Cakka menepuk pundak Debo pelan, "Udahlah, gue percaya, Lo pasti tahu yang terbaik buat Ify kalau Lo emang tulus mencintai dia"
Debo memutar tubuh menjauh dari pintu kemudian menjatuhkan diri begitu saja sebelah Cakka, di kursi panjang ruang tunggu, "Kenapa sih, Gue sama Rio terlalu aja sama dari dulu, Kka! Kenapa apa yang Rio suka juga jadi kesukaan gue" ujarnya frustasi, dia memejamkan mata, bersandar di punggung kursi yang keras. "Kenapa, lagi-lagi gue harus hancur karena Rio, bukan karena dia udah menangin hati Ify, tapi karena dia berhasil bikin gue sadar kalau persaudaraan itu jauh lebih penting..." lirihnya,
Cakka menepuk pundaknya pelan, memberi kekuatan.
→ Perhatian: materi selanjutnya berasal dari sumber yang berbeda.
lemma degree_linear_form_poly_less:
  assumes "\<And>j. degree (P j) < e"
  shows "degree (linear_form_poly c M P) < e"
proof -
  have "e > 0"
    using assms[of undefined] by simp
  then show ?thesis
    unfolding linear_form_poly_def
    by (intro degree_sum_less le_less_trans[OF degree_smult_le])
      (simp_all add: degree_map_poly assms)
qed

text \<open>If \<open>mat_pow N D = 0\<close>, this is \<open>n \<mapsto> (1 + N)^(D! n^e) P(n)\<close> expanded binomially; as
  \<open>k! dvd D!\<close> for \<open>k < D\<close>, each coefficient \<open>binom(D! n^e, k)\<close> is an integer polynomial in \<open>n\<close>.\<close>
definition unipotent_twist :: "int^'n^'n \<Rightarrow> nat \<Rightarrow> nat \<Rightarrow> ('n \<Rightarrow> int poly) \<Rightarrow> 'n \<Rightarrow> int poly" where
  "unipotent_twist N D e P i =
     (\<Sum>k<D. pcompose (binomial_poly (fact D) k) (monom 1 e) *
        (\<Sum>j\<in>UNIV. smult (mat_pow N k $ i $ j) (P j)))"

lemma poly_vec_unipotent_twist:
  "poly_vec (unipotent_twist N D e P) x =
     (\<Sum>k<D. ((fact D * of_int x ^ e) gchoose k) *\<^sub>R (real_mat (mat_pow N k) *v poly_vec P x))"
proof -
  have "real_of_int (poly (binomial_poly (fact D) k) y) = (fact D * of_int y) gchoose k"
    if "k < D" for k y
    using that poly_binomial_poly[of k "fact D" "of_int y"]
    by (simp add: fact_dvd poly_map_poly_of_int)
  then show ?thesis
    by (simp add: vec_eq_iff poly_vec_def unipotent_twist_def poly_sum poly_pcompose poly_monom
        real_mat_def matrix_vector_mult_def sum_distrib_left mult.assoc mult.left_commute)
qed
text \<open>
  Real and imaginary part of the quantized variable are signs of real Gaussian linear forms, so
  the complex correlation splits into four real ones.
\<close>

lemma integral_csgn_gauss_comb_times_cnj:
  fixes N Q :: nat and c d :: "nat \<Rightarrow> nat \<Rightarrow> complex"
  defines "S \<equiv> \<Sum>n\<le>N. \<Sum>q<Q. (cmod (c n q))\<^sup>2"
  shows "integrable (Omega N Q) (\<lambda>\<omega>. csgn (gauss_comb N Q c \<omega>) * cnj (gauss_comb N Q d \<omega>))"
    and "(\<integral>\<omega>. csgn (gauss_comb N Q c \<omega>) * cnj (gauss_comb N Q d \<omega>) \<partial>Omega N Q)
      = complex_of_real (2 / (sqrt pi * sqrt S)) * (\<Sum>n\<le>N. \<Sum>q<Q. c n q * cnj (d n q))"
proof -
  let ?M = "PiM (gauss_index N Q) (\<lambda>_. std_normal)"
  let ?P = "\<Sum>n\<le>N. \<Sum>q<Q. c n q * cnj (d n q)"
  let ?lin = "\<lambda>a \<omega>. \<Sum>i\<in>gauss_index N Q. a i * \<omega> i"
  define corr where "corr a b = (\<lambda>\<omega>. sgn (?lin a \<omega>) * ?lin b \<omega>)"
    for a b :: "nat \<times> nat \<times> bool \<Rightarrow> real"
  define A1 where "A1 = (\<lambda>\<omega>. corr (re_weight c) (re_weight d) \<omega> + corr (im_weight c) (im_weight d) \<omega>)"
  define A2 where "A2 = (\<lambda>\<omega>. corr (im_weight c) (re_weight d) \<omega> - corr (re_weight c) (im_weight d) \<omega>)"
  have pointwise: "csgn (gauss_comb N Q c \<omega>) * cnj (gauss_comb N Q d \<omega>)
      = complex_of_real (A1 \<omega> / sqrt 2) + \<i> * complex_of_real (A2 \<omega> / sqrt 2)" for \<omega>
    unfolding A1_def A2_def corr_def csgn_def
    by (simp add: complex_eq_iff Re_gauss_comb[symmetric] Im_gauss_comb[symmetric] Re_divide Im_divide
        power2_eq_square add_divide_distrib diff_divide_distrib ring_distribs)
  have int: "integrable ?M (corr a b)" for a b
    unfolding corr_def by (rule integral_std_normal_PiM_sgn_linear_times_linear) simp
  have corr_integral: "integral\<^sup>L ?M (corr a b) = sqrt (2 / pi) * (\<Sum>i\<in>gauss_index N Q. a i * b i)
      / sqrt (\<Sum>i\<in>gauss_index N Q. (a i)\<^sup>2)" for a b
    unfolding corr_def by (rule integral_std_normal_PiM_sgn_linear_times_linear) simp
  have iA: "integrable ?M A1" "integrable ?M A2"
    unfolding A1_def A2_def using int by auto
  then show "integrable (Omega N Q) (\<lambda>\<omega>. csgn (gauss_comb N Q c \<omega>) * cnj (gauss_comb N Q d \<omega>))"
    unfolding Omega_eq_PiM_gauss_index pointwise by auto
  have "integral\<^sup>L ?M A1 = sqrt (2 / pi) * (2 * Re ?P) / sqrt S"
    unfolding A1_def using int by (simp add: corr_integral sum_weight_square sum_weight_times_weight S_def)
  moreover have "integral\<^sup>L ?M A2 = sqrt (2 / pi) * (2 * Im ?P) / sqrt S"
    unfolding A2_def using int
    by (simp add: corr_integral sum_weight_square S_def diff_divide_distrib[symmetric]
        right_diff_distrib[symmetric] sum_weight_times_weight(3))
  moreover have "sqrt (2 / pi) * (2 * x) / sqrt S / sqrt 2 = 2 / (sqrt pi * sqrt S) * x" for x
    by (simp add: real_sqrt_divide field_simps)
  ultimately show "(\<integral>\<omega>. csgn (gauss_comb N Q c \<omega>) * cnj (gauss_comb N Q d \<omega>) \<partial>Omega N Q)
      = complex_of_real (2 / (sqrt pi * sqrt S)) * ?P"
    unfolding Omega_eq_PiM_gauss_index pointwise using iA by (simp add: complex_eq_iff)
qed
"Untuk kesekian kalinya, gue harus ngakuin kalau Rio selalu lebih tangguh, dia selalu disamping gue pas gue seneng, gue sedih, bahkan pas orang yang dia cintai gue rebut" lirihnya lagi
"Itu karena Dia perhatian sama Lo, dia lebih memilih kehilangan Ify daripada salah seorang saudaranya" sela Gabriel.
"Sorry, bukannya gue mihak Rio atau apa, tapi jujur gue kasihan sama kalian, kalau kayak gini terus gue takut kalian cuma bakal saling berkorban satu sama lain dan nggak akan ada ujungnya"
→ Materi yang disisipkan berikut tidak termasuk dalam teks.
lemma g_cleared_crit_angle_sign:
  assumes "1/4 < a" "a \<le> 1/3"
    and "real k / (real m + 1) * pi < crit_angle a" "crit_angle a < real (Suc k) / (real m + 1) * pi"
  shows "0 < (-1) ^ k * g_cleared m a (crit_angle a)"
proof -
  define \<alpha> where "\<alpha> = crit_angle a"
  have "zeta_den a (cos \<alpha>) = 0"
    unfolding \<alpha>_def zeta_den_eq_crit_angle[OF assms(1)] by simp
  then have "(-1) ^ k * g_cleared m a \<alpha>
      = zeta_num a (cos \<alpha>) * ((-1) ^ k * sin ((real m + 1) * \<alpha>)) / sin \<alpha>"
    unfolding g_cleared_def by simp
  moreover have "0 < zeta_num a (cos \<alpha>)"
    using assms minus_inverse_two_sqrt_bounds[OF assms(1)] cos_crit_angle[OF assms(1)]
    unfolding \<alpha>_def by (intro zeta_num_pos) auto
  moreover have "0 < (-1) ^ k * sin ((real m + 1) * \<alpha>)"
    using assms unfolding \<alpha>_def
    by (intro minus_one_power_mult_sin_pos) (simp_all add: field_simps)
  moreover have "0 < sin \<alpha>"
    using crit_angle_bounds[OF assms(1)] unfolding \<alpha>_def by (intro sin_gt_zero)
  ultimately show ?thesis
    unfolding \<alpha>_def by simp
qed

lemma g_root_before_crit_angle:
  assumes "1/4 < a" "a \<le> 1/3" "2*pi/3 < real k / (real m + 1) * pi"
    and "real k / (real m + 1) * pi < crit_angle a" "crit_angle a < real (Suc k) / (real m + 1) * pi"
  shows "\<exists>x\<in>{real k / (real m + 1) * pi <..< crit_angle a}. g_dom a x \<and> g m a x = 0"
proof -
  define \<theta> where "\<theta> = real k / (real m + 1) * pi"
  have "2*pi/3 < \<theta>"
    using assms(3) unfolding \<theta>_def .
  then have D_pos: "0 < zeta_den a (cos t)" if "\<theta> \<le> t" "t < crit_angle a" for t
    using assms(1) that pi_gt_zero by (intro zeta_den_pos_before_crit_angle) linarith+
  have "-1 < cos \<theta>" "cos \<theta> < -1/2"
    using assms crit_angle_bounds[OF assms(1)] unfolding \<theta>_def
    by (intro cos_between_two_thirds_pi_and_pi; simp)+
  then have "(-1) ^ k * zeta_den a (cos \<theta>) * g_cleared m a \<theta> < 0"
    using assms D_pos[of \<theta>] abs_zeta_den_less_num[of a "cos \<theta>"] unfolding \<theta>_def
    by (intro g_cleared_node_sign) auto
  then have "zeta_den a (cos \<theta>) * ((-1) ^ k * g_cleared m a \<theta>) < zeta_den a (cos \<theta>) * 0"
    by (simp add: mult.left_commute)
  then have "(-1) ^ k * g_cleared m a \<theta> < 0"
    using D_pos[of \<theta>] assms(4) unfolding \<theta>_def by (simp only: mult_less_cancel_left_pos)
  moreover have "0 < (-1) ^ k * g_cleared m a (crit_angle a)"
    using assms by (intro g_cleared_crit_angle_sign)
  ultimately have "((-1) ^ k * g_cleared m a \<theta>) * ((-1) ^ k * g_cleared m a (crit_angle a)) < 0"
    by (simp add: mult_neg_pos)
  then have "g_cleared m a \<theta> * g_cleared m a (crit_angle a) < 0"
    by (simp add: algebra_simps)
  moreover have "zeta_den a (cos t) \<noteq> 0" if "t \<in> {\<theta><..<crit_angle a}" for t
    using D_pos[of t] that by simp
  ultimately show ?thesis
    using assms \<open>2*pi/3 < \<theta>\<close> crit_angle_bounds[OF assms(1)] unfolding \<theta>_def
    by (intro g_root_of_sign_change) auto
qed

lemma g_root_after_crit_angle:
  assumes "1/4 < a" "a \<le> 1/3" "Suc k \<le> m"
    and "real k / (real m + 1) * pi < crit_angle a" "crit_angle a < real (Suc k) / (real m + 1) * pi"
  shows "\<exists>x\<in>{crit_angle a <..< real (Suc k) / (real m + 1) * pi}. g_dom a x \<and> g m a x = 0"
proof -
  define \<theta> where "\<theta> = real (Suc k) / (real m + 1) * pi"
  have "\<theta> < pi"
    using assms(3) unfolding \<theta>_def by (simp add: divide_less_eq)
  have "2*pi/3 < crit_angle a"
    using crit_angle_ge_five_sixths_pi[OF assms(1,2)] pi_gt_zero by linarith
  have D_neg: "zeta_den a (cos t) < 0" if "crit_angle a < t" "t \<le> \<theta>" for t
    using assms(1) that \<open>\<theta> < pi\<close> by (intro zeta_den_neg_after_crit_angle) auto
  have "crit_angle a < \<theta>"
    unfolding \<theta>_def by (rule assms(5))
  then have "-1 < cos \<theta>" "cos \<theta> < -1/2"
    using \<open>2*pi/3 < crit_angle a\<close> \<open>\<theta> < pi\<close> cos_between_two_thirds_pi_and_pi[of \<theta>] by auto
  then have "(-1) ^ Suc k * zeta_den a (cos \<theta>) * g_cleared m a \<theta> < 0"
    using assms D_neg[of \<theta>] abs_zeta_den_less_num[of a "cos \<theta>"] unfolding \<theta>_def
    by (intro g_cleared_node_sign) auto
  then have "(- zeta_den a (cos \<theta>)) * ((-1) ^ k * g_cleared m a \<theta>) < (- zeta_den a (cos \<theta>)) * 0"
    by (simp add: mult.left_commute)
  then have "(-1) ^ k * g_cleared m a \<theta> < 0"
    using D_neg[of \<theta>] assms(5) unfolding \<theta>_def by (simp only: mult_less_cancel_left_pos neg_0_less_iff_less)
  moreover have "0 < (-1) ^ k * g_cleared m a (crit_angle a)"
    using assms by (intro g_cleared_crit_angle_sign)
  ultimately have "((-1) ^ k * g_cleared m a (crit_angle a)) * ((-1) ^ k * g_cleared m a \<theta>) < 0"
    by (simp add: mult_pos_neg)
  then have "g_cleared m a (crit_angle a) * g_cleared m a \<theta> < 0"
    by (simp add: algebra_simps)
  moreover have "zeta_den a (cos t) \<noteq> 0" if "t \<in> {crit_angle a<..<\<theta>}" for t
    using D_neg[of t] that by simp
  ultimately show ?thesis
    using assms \<open>2*pi/3 < crit_angle a\<close> \<open>\<theta> < pi\<close> unfolding \<theta>_def
    by (intro g_root_of_sign_change) auto
qed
Debo tersenyum pasrah, "Thanks, kalau gitu gue balik ya, nitip Ify, salam aja buat Rio, besok gue kesini lagi..." pamitnya seraya berdiri kemudian mulai melangkah pergi menyusuri koridor rumah sakit.
Cakka menatap punggung Debo yang menjauh dengan helaan nafas, jelas dia mengerti apa yang Debo dan Rio rasakan saat ini, pasti sangat sulit mempertaruhkan perasaan demi persahabatan, mengorbankan hati demi kebahagiaan hati lain, menguatkan hati atas kenyataan yang bahkan mampu dirasakan dengan mata terpejam, meski demikian dia sadar sampa sebatas mana dia bisa membantu sementara selebihnya dia hanya bisa menguatkan, memberi sandaran, meneguhkan bahwa persahabatan mereka akan terasa jauh lebih kuat dari waktu ke waktu.